Warum Ihr Hauskredit durch globale Politik plötzlich deutlich teurer wird
Wie Spiegel in seiner aktuellen Kolumne schildert, liegen die Zinsen für zehnjährige Baufinanzierungen hierzulande aktuell bei knapp 4,2 Prozent – noch im Januar 2025 waren es rund 3,2 Prozent.

Der Zins-Schock kommt nicht aus Ihrer Sparkasse
Dieser eine Prozentpunkt klingt harmlos, bedeutet bei einem typischen Darlehen über 300.000 Euro aber sofort rund 250 Euro mehr pro Monat. Für Bauherren in NRW ist das kein abstraktes Marktgeschehen, sondern ein konkreter Engpass im Finanzierungsplan, und er hat eine Ursache, die weit über die deutsche Zinswende von 2022 hinausreicht.
Die wahren Hintergründe, die Ihre Bank Ihnen nicht erklärt
Ihre Bank legt den Bauzins nicht im stillen Kämmerlein fest. Sie refinanziert sich über den Anleihemarkt, in Deutschland vor allem über Pfandbriefe. Steigen dort die Renditen, weil die US-Politik mit hohen Haushaltsdefiziten und protektionistischen Alleingängen die Kapitalmärkte weltweit verunsichert, zahlen deutsche Emittenten ebenfalls drauf. Der Zins, den Sie auf Ihrem Angebot sehen, ist also das Echo einer globalen Verschiebung. Prüfen Sie daher jedes Finanzierungsangebot mit drei konkreten Fragen, bevor Sie unterschreiben.
Drei Punkte, die Sie jetzt nachrechnen müssen
- Effektiver Jahreszins versus Sollzins: Liegt Ihr Angebot wirklich bei 4,2 Prozent effektiv, oder ist es ein Lockangebot mit kurzer Zinsfrist? Achten Sie auf den effektiven Jahreszins, nicht auf den beworbenen Sollzins.
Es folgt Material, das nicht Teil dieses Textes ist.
(* Suppose the background potential $V(w)=\sum_{k\ge1}\frac{\overline{V_k^{\mathrm{out}}}w^{-k}}{k}+\sum_{k\ge1}\frac{V_k^{\mathrm{in}}w^k}{k}$ is analytic in an open neighborhood of the unit circle $\mathbb{T}$. Then the Stanley–Cauchy kernel $\Pi=\Pi(\overline{V^{\mathrm{out}}},V^{\mathrm{in}}\,|\,\tfrac{1}{-\varepsilon_1\varepsilon_2})=\prod_{k\ge1}\exp\big(\frac{\overline{V_k^{\mathrm{out}}}V_k^{\mathrm{in}}}{-\varepsilon_1\varepsilon_2k}\big)$, regarded as a function of the variables $\overline{V^{\mathrm{out}}_k}$ with $V^{\mathrm{in}}_k$ fixed, lies in the domain of definition of the operator $\langle0|\mathcal{L}^{\mathrm{out}}(\varepsilon_2,\varepsilon_1)^\ell|0\rangle$ for every $\ell\in\mathbb{N}$.
   Context: Fix real $\varepsilon_2<0<\varepsilon_1$. On $\overline{\mathcal{F}^{\mathrm{out}}}=\mathbb{C}[\overline{V_1^{\mathrm{out}}},\overline{V_2^{\mathrm{out}}},\dots]$ (and its Hilbert space completion for the inner product in which multiplication by $\overline{V_k^{\mathrm{out}}}$ has adjoint $\overline{V_{-k}^{\mathrm{out}}}:=(-\varepsilon_1\varepsilon_2)k\,\partial/\partial\overline{V_k^{\mathrm{out}}}$, with $\overline{V_0^{\mathrm{out}}}=0$), define $\mathcal{L}^{\mathrm{out}}_{h_+,h_-}=\overline{V^{\mathrm{out}}_{h_--h_+}}+(\varepsilon_1+\varepsilon_2)h_+\delta_{h_+h_-}$ for $h_\pm\in\mathbb{N}$ and $\langle0|\mathcal{L}^{\mathrm{out}}(\varepsilon_2,\varepsilon_1)^\ell|0\rangle=\sum_{h_1,\dots,h_{\ell-1}\ge0}\mathcal{L}^{\mathrm{out}}_{0,h_1}\mathcal{L}^{\mathrm{out}}_{h_1,h_2}\cdots\mathcal{L}^{\mathrm{out}}_{h_{\ell-1},0}$ (the vacuum matrix element of the $\ell$-th power of the Nazarov–Sklyanin Lax operator). Being in the domain means the resulting series applied to $\Pi$ converges in the Hilbert space completion. *)

theory Defs
  imports "HOL-Analysis.Analysis"
begin

(* Fock space F^out = C[x_1, x_2, ...] with x_k = conj(V_k^out).
   A (formal) element is given by its coefficient function on monomials
   x^m = prod_k x_k^(m k), m finitely supported with m 0 = 0.
   hb = -eps1*eps2 > 0. *)

type_synonym fock = "(nat \<Rightarrow> nat) \<Rightarrow> complex"

definition fock_idx :: "(nat \<Rightarrow> nat) set" where
  "fock_idx = {m. finite {k. m k \<noteq> 0} \<and> m 0 = 0}"

(* squared norm of the monomial x^m: multiplication by x_k has adjoint hb*k*d/dx_k *)
definition fock_wt :: "real \<Rightarrow> (nat \<Rightarrow> nat) \<Rightarrow> real" where
  "fock_wt hb m = (\<Prod>k\<in>{k. m k \<noteq> 0}. (hb * real k) ^ (m k) * fact (m k))"

definition in_fock :: "real \<Rightarrow> fock \<Rightarrow> bool" where
  "in_fock hb c \<longleftrightarrow> (\<lambda>m. (cmod (c m))\<^sup>2 * fock_wt hb m) summable_on fock_idx"

definition fock_norm :: "real \<Rightarrow> fock \<Rightarrow> real" where
  "fock_norm hb c = sqrt (infsum (\<lambda>m. (cmod (c m))\<^sup>2 * fock_wt hb m) fock_idx)"

definition fock_has_sum :: "real \<Rightarrow> ('i \<Rightarrow> fock) \<Rightarrow> 'i set \<Rightarrow> fock \<Rightarrow> bool" where
  "fock_has_sum hb f I S \<longleftrightarrow> in_fock hb S \<and> (\<forall>i\<in>I. in_fock hb (f i)) \<and>
     (\<forall>e>0. \<exists>F0. finite F0 \<and> F0 \<subseteq> I \<and>
        (\<forall>F. finite F \<and> F0 \<subseteq> F \<and> F \<subseteq> I \<longrightarrow>
              fock_norm hb (\<lambda>m. S m - (\<Sum>i\<in>F. f i m)) < e))"

(* multiplication by x_n *)
definition fock_raise :: "nat \<Rightarrow> fock \<Rightarrow> fock" where
  "fock_raise n c = (\<lambda>m. if 0 < m n then c (m(n := m n - 1)) else 0)"

(* hb * n * d/dx_n *)
definition fock_lower :: "real \<Rightarrow> nat \<Rightarrow> fock \<Rightarrow> fock" where
  "fock_lower hb n c = (\<lambda>m. complex_of_real (hb * real n * real (m n + 1)) * c (m(n := m n + 1)))"

(* conj(V_j^out) for j in Z: j>0 multiplication, j<0 adjoint, j=0 zero *)
definition Vbar_out :: "real \<Rightarrow> int \<Rightarrow> fock \<Rightarrow> fock" where
  "Vbar_out hb j c = (if 0 < j then fock_raise (nat j) c
                      else if j < 0 then fock_lower hb (nat (- j)) c
                      else (\<lambda>_. 0))"

definition L_out :: "real \<Rightarrow> real \<Rightarrow> nat \<Rightarrow> nat \<Rightarrow> fock \<Rightarrow> fock" where
  "L_out e1 e2 h h' c = (\<lambda>m. Vbar_out (- e1 * e2) (int h' - int h) c m
       + (if h = h' then complex_of_real ((e1 + e2) * real h) * c m else 0))"

fun lax_chain :: "real \<Rightarrow> real \<Rightarrow> nat list \<Rightarrow> fock \<Rightarrow> fock" where
  "lax_chain e1 e2 (a # b # rest) c = L_out e1 e2 a b (lax_chain e1 e2 (b # rest) c)"
| "lax_chain e1 e2 xs c = c"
- Tilgungsplan bei gleichbleibender Rate: Bei 4,2 Prozent und 1.425 Euro Monatsrate sinkt die anfängliche Tilgung von 2,5 auf 1,5 Prozent. Die Laufzeit verlängert sich um rund sechs Jahre – das Haus kostet Sie am Ende etwa 100.000 Euro mehr.
- Darlehenshöhe versus Kaufpreis: Soll die ursprüngliche Laufzeit von 26 Jahren konstant bleiben, fließen bei gleicher Rate nur noch etwa 270.000 Euro statt 300.000 Euro. Verhandeln Sie in diesem Fall den Kaufpreis nach oder stocken Sie das Eigenkapitel auf.
Worauf Sie beim Vertrag bestehen sollten
Ein Prozentpunkt Zins entscheidet darüber, ob Ihr Haus am Ende 400.000 oder 500.000 Euro kostet. Lassen Sie sich Bauleistungsbeschreibung und Finanzierungsbestätigung strikt getrennt vorlegen und bestehen Sie auf einer schriftlichen Zinszusage mit Datum, Sollzins, Tilgungssatz und effektivem Jahreszins. Mündliche Zusagen Ihrer Bank sind im Streitfall schwer einklagbar. Kalkulieren Sie zudem eine Stress-Rate: Was passiert, wenn die Anschlussfinanzierung in zehn Jahren bei 5,5 Prozent liegt? Nur wer diese Zahl heute kennt, unterschreibt morgen nicht überhastet und bewahrt sich den Verhandlungspielraum gegenüber dem Verkäufer.